He laid back and grinned broadly and Wilhelmina smiled, though a wistful look had crept into her eyes.

"Then I suppose," she said, "you're always going to hate me, because of course I did steal your mine. But now I'm glad it's gone, because I wasn't happy a minute—do you think you can forgive me, sometime?"

She glanced up appealingly but his brows had come down and he was staring at her fiercely.

"Gone!" he roared, "your mine ain't gone! Ain't you ever read that contract we framed up? Well, the mine reverts to you the first time a payment isn't made or if the buyer becomes a fugitive from justice! Yeh, my friend slipped that in along with the rest of it, about death or an Act of God. Say, that's what you might call head work!"
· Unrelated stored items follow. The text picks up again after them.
theorem lemma1:
  fixes n p q :: nat and s :: "nat \<Rightarrow> nat" and D :: "nat \<Rightarrow> nat \<Rightarrow> nat"
  assumes "n > 0"
    and "U_type n s (p + q) D"
  shows "QQD2 n p q s D =
           - (\<Prod>k<p. (5 * real (s k) + 1) / (4 * real (s k))) * (4/3) ^ q
           + 1 / (real n)^2 *
             (let N = (\<Prod>k<p+q. s k); y = y_vec n s (p + q) D; A = A_matrix p q s in
                \<Sum>i<N. \<Sum>j<N. y i * A i j * y j)"
proof -
  have levels: "\<forall>i<n. \<forall>k<p+q. D i k < s k"
    using assms(2) by (simp add: U_type_def)
  then have s_pos: "\<forall>k<p. 0 < s k"
    using \<open>n > 0\<close> by (metis add.commute gr_zeroI not_less0 trans_less_add2)
  define F where "F = chi_measure p q s"
  define x where "x i = design_point p s (D i)" for i
  define C where "C = (\<Prod>k<p+q. factor_mean p s k)"
  have C: "C = (\<Prod>k<p. (5 * real (s k) + 1) / (4 * real (s k))) * (4/3) ^ q"
    unfolding C_def by (rule prod_factor_mean)
  define lex where "lex i = lex_index s (p+q) (D i)" for i
  have double_integral: "(\<integral>t. \<integral>z. kernel p q t z \<partial>F \<partial>F) = C"
    unfolding F_def C_def using s_pos by (rule integral_integral_kernel_chi_measure)
  have single_integral: "(\<integral>t. kernel p q t (x i) \<partial>F) = C" if "i < n" for i
    unfolding F_def C_def x_def
    using s_pos levels that by (intro integral_kernel_chi_measure) (auto intro: design_point_in_factor_support)
  have "(\<Sum>i<n. \<Sum>j<n. kernel p q (x i) (x j)) = (\<Sum>i<n. \<Sum>j<n. A_matrix p q s (lex i) (lex j))"
    using levels by (intro sum.cong) (auto simp: x_def lex_def kernel_design_point)
  also have "\<dots> = (\<Sum>a<\<Prod>k<p+q. s k. \<Sum>b<\<Prod>k<p+q. s k.
      y_vec n s (p + q) D a * A_matrix p q s a b * y_vec n s (p + q) D b)"
    unfolding y_vec_def lex_def using levels
    by (intro sum_sum_comp_eq_quadratic_form) (auto intro: lex_index_less)
  finally show ?thesis
    using \<open>n > 0\<close> single_integral
    by (simp add: QQD2_def Let_def F_def[symmetric] x_def[symmetric] double_integral flip: C)
qed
He jerked his chin and grinned admiringly but Wilhelmina did not respond.

"Yes," she objected, "but how do I get the money to pay the men for building the road? Because the twenty-five thousand dollars that I had in the bank——"

"Get it?" cried Wunpost, "why you go up to your mine and dig out some big chunks of gold, and then you send it out and sell it at the mint and start a little bank of your own. But say, kid, you're all right—I like you and all that—but something tells me you ain't cut out for business. Now you'd better just turn this mine over to me——"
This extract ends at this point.